Using the records that appear below, write out exactly the lines from the one with "by (intro Bochner_Integration.integral_nonneg)" through the one with "by (simp add: fourth_power_integrable_def", keeping both end lines.

===== LISTED RECORDS =====

lemma L2_norm_mono:
  assumes "\<And>x. \<bar>h x\<bar> \<le> g x" "integrable M (\<lambda>x. (g x)\<^sup>2)"
  shows "L2_norm M h \<le> L2_norm M g"
proof -
  have "(\<integral>x. (h x)\<^sup>2 \<partial>M) \<le> (\<integral>x. (g x)\<^sup>2 \<partial>M)"
  proof (cases "integrable M (\<lambda>x. (h x)\<^sup>2)")
    case True
    show ?thesis
    proof (rule integral_mono[OF True assms(2)])
      fix x
      have "\<bar>h x\<bar> \<le> \<bar>g x\<bar>"
        using assms(1)[of x] by linarith
      then show "(h x)\<^sup>2 \<le> (g x)\<^sup>2"
        by (simp add: abs_le_square_iff)
    qed
  next
    case False
    then show ?thesis by (simp add: not_integrable_integral_eq)
  qed
  then show ?thesis
    unfolding L2_norm_def by (rule real_sqrt_le_mono)
qed

lemma le_sqrt_mult_if_quadratic_nonneg:
  fixes A B C :: real
  assumes "0 \<le> B" and quadratic_nonneg: "\<And>t. 0 \<le> A - 2 * t * C + t\<^sup>2 * B"
  shows "C \<le> sqrt A * sqrt B"
proof (cases "C \<le> 0")
  case True
  have "0 \<le> A" using quadratic_nonneg[of 0] by simp
  then show ?thesis using True \<open>0 \<le> B\<close> by (meson order.trans mult_nonneg_nonneg real_sqrt_ge_zero)
next
  case False
  have "B \<noteq> 0"
  proof
    assume "B = 0"
    then show False
      using quadratic_nonneg[of "(A + 1) / (2 * C)"] False by (simp add: field_simps)
  qed
  then have "C\<^sup>2 \<le> A * B"
    using quadratic_nonneg[of "C / B"] \<open>0 \<le> B\<close> by (simp add: field_simps power2_eq_square)
  then have "sqrt (C\<^sup>2) \<le> sqrt (A * B)" by (rule real_sqrt_le_mono)
  then show ?thesis using False by (simp add: real_sqrt_mult)
qed

text \<open>Cauchy--Schwarz inequality: the discriminant of the nonnegative quadratic
  \<open>t \<mapsto> \<integral>(f - t g)\<^sup>2\<close> is nonpositive.\<close>
lemma integral_mult_le_L2_norm:
  assumes "square_integrable M f" "square_integrable M g"
  shows "(\<integral>x. f x * g x \<partial>M) \<le> L2_norm M f * L2_norm M g"
  unfolding L2_norm_def
proof (rule le_sqrt_mult_if_quadratic_nonneg)
  show "0 \<le> (\<integral>x. (g x)\<^sup>2 \<partial>M)" by simp
  fix t
  have "0 \<le> (\<integral>x. (f x - t * g x)\<^sup>2 \<partial>M)" by simp
  also have "\<dots> = (\<integral>x. (f x)\<^sup>2 - 2 * t * (f x * g x) + t\<^sup>2 * (g x)\<^sup>2 \<partial>M)"
    by (simp add: power2_diff power_mult_distrib algebra_simps)
  also have "\<dots> = (\<integral>x. (f x)\<^sup>2 \<partial>M) - 2 * t * (\<integral>x. f x * g x \<partial>M) + t\<^sup>2 * (\<integral>x. (g x)\<^sup>2 \<partial>M)"
    using assms square_integrable_imp_integrable_mult[OF assms]
    by (simp add: square_integrable_def)
  finally show "0 \<le> (\<integral>x. (f x)\<^sup>2 \<partial>M) - 2 * t * (\<integral>x. f x * g x \<partial>M) + t\<^sup>2 * (\<integral>x. (g x)\<^sup>2 \<partial>M)" .
qed

lemma L2_norm_add:
  assumes "square_integrable M f" "square_integrable M g"
  shows "L2_norm M (\<lambda>x. f x + g x) \<le> L2_norm M f + L2_norm M g"
proof (rule power2_le_imp_le)
  have "(\<lambda>x. (f x + g x)\<^sup>2) = (\<lambda>x. (f x)\<^sup>2 + 2 * (f x * g x) + (g x)\<^sup>2)"
    by (simp add: fun_eq_iff power2_sum)
  then have "(L2_norm M (\<lambda>x. f x + g x))\<^sup>2
      = (\<integral>x. (f x)\<^sup>2 \<partial>M) + 2 * (\<integral>x. f x * g x \<partial>M) + (\<integral>x. (g x)\<^sup>2 \<partial>M)"
    using assms square_integrable_imp_integrable_mult[OF assms]
    by (simp add: L2_norm_squared square_integrable_def)
  also have "\<dots> \<le> (L2_norm M f)\<^sup>2 + 2 * (L2_norm M f * L2_norm M g) + (L2_norm M g)\<^sup>2"
    using integral_mult_le_L2_norm[OF assms] by (simp add: L2_norm_squared)
  also have "\<dots> = (L2_norm M f + L2_norm M g)\<^sup>2"
    by (simp add: power2_sum)
  finally show "(L2_norm M (\<lambda>x. f x + g x))\<^sup>2 \<le> (L2_norm M f + L2_norm M g)\<^sup>2" .
qed (simp add: L2_norm_nonneg add_nonneg_nonneg)

section \<open>Fourth-power integrable functions\<close>

definition fourth_power_integrable :: "'a measure \<Rightarrow> ('a \<Rightarrow> real) \<Rightarrow> bool" where
  "fourth_power_integrable M f \<longleftrightarrow> f \<in> borel_measurable M \<and> integrable M (\<lambda>x. f x ^ 4)"

definition L4_norm :: "'a measure \<Rightarrow> ('a \<Rightarrow> real) \<Rightarrow> real" where
  "L4_norm M f = (\<integral>x. f x ^ 4 \<partial>M) powr (1/4)"

lemma square_square_eq_power4: "((a :: real)\<^sup>2)\<^sup>2 = a ^ 4"
  by (simp flip: power_mult)

lemma fourth_power_integrable_iff:
  "fourth_power_integrable M f \<longleftrightarrow> f \<in> borel_measurable M \<and> square_integrable M (\<lambda>x. (f x)\<^sup>2)"
  by (auto simp: fourth_power_integrable_def square_integrable_def square_square_eq_power4)

lemma L4_norm_eq_sqrt_L2_norm: "L4_norm M f = sqrt (L2_norm M (\<lambda>x. (f x)\<^sup>2))"
proof -
  have "0 \<le> (\<integral>x. f x ^ 4 \<partial>M)"
    by (intro Bochner_Integration.integral_nonneg) (simp add: zero_le_even_power')
  then show ?thesis
    by (simp add: L4_norm_def L2_norm_def square_square_eq_power4 powr_powr flip: powr_half_sqrt)
qed

lemma L4_norm_nonneg: "0 \<le> L4_norm M f"
  by (simp add: L4_norm_def)

lemma fourth_power_integrable_cmult:
  "fourth_power_integrable M f \<Longrightarrow> fourth_power_integrable M (\<lambda>x. c * f x)"
  by (simp add: fourth_power_integrable_def power_mult_distrib borel_measurable_times)

lemma L4_norm_cmult: "L4_norm M (\<lambda>x. c * f x) = \<bar>c\<bar> * L4_norm M f"
  by (simp add: L4_norm_eq_sqrt_L2_norm power_mult_distrib L2_norm_cmult real_sqrt_mult)

lemma fourth_power_integrable_imp_square_integrable_mult:
  assumes "fourth_power_integrable M f" "fourth_power_integrable M g"
  shows "square_integrable M (\<lambda>x. f x * g x)"
  using assms square_integrable_imp_integrable_mult[of M "\<lambda>x. (f x)\<^sup>2" "\<lambda>x. (g x)\<^sup>2"]
  by (simp add: fourth_power_integrable_iff square_integrable_def power_mult_distrib borel_measurable_times)

lemma L2_norm_mult_le_L4_norm:
  assumes "fourth_power_integrable M f" "fourth_power_integrable M g"
  shows "L2_norm M (\<lambda>x. f x * g x) \<le> L4_norm M f * L4_norm M g"
proof -
  have "L2_norm M (\<lambda>x. f x * g x) = sqrt (\<integral>x. (f x)\<^sup>2 * (g x)\<^sup>2 \<partial>M)"
    by (simp add: L2_norm_def power_mult_distrib)
  also have "\<dots> \<le> sqrt (L2_norm M (\<lambda>x. (f x)\<^sup>2) * L2_norm M (\<lambda>x. (g x)\<^sup>2))"
    using assms by (intro real_sqrt_le_mono integral_mult_le_L2_norm) (simp_all add: fourth_power_integrable_iff)
  also have "\<dots> = L4_norm M f * L4_norm M g"
    by (simp add: L4_norm_eq_sqrt_L2_norm real_sqrt_mult)
  finally show ?thesis .
qed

=====

EXERCISE ANSWER:
    by (intro Bochner_Integration.integral_nonneg) (simp add: zero_le_even_power')
  then show ?thesis
    by (simp add: L4_norm_def L2_norm_def square_square_eq_power4 powr_powr flip: powr_half_sqrt)
qed

lemma L4_norm_nonneg: "0 \<le> L4_norm M f"
  by (simp add: L4_norm_def)

lemma fourth_power_integrable_cmult:
  "fourth_power_integrable M f \<Longrightarrow> fourth_power_integrable M (\<lambda>x. c * f x)"
  by (simp add: fourth_power_integrable_def power_mult_distrib borel_measurable_times)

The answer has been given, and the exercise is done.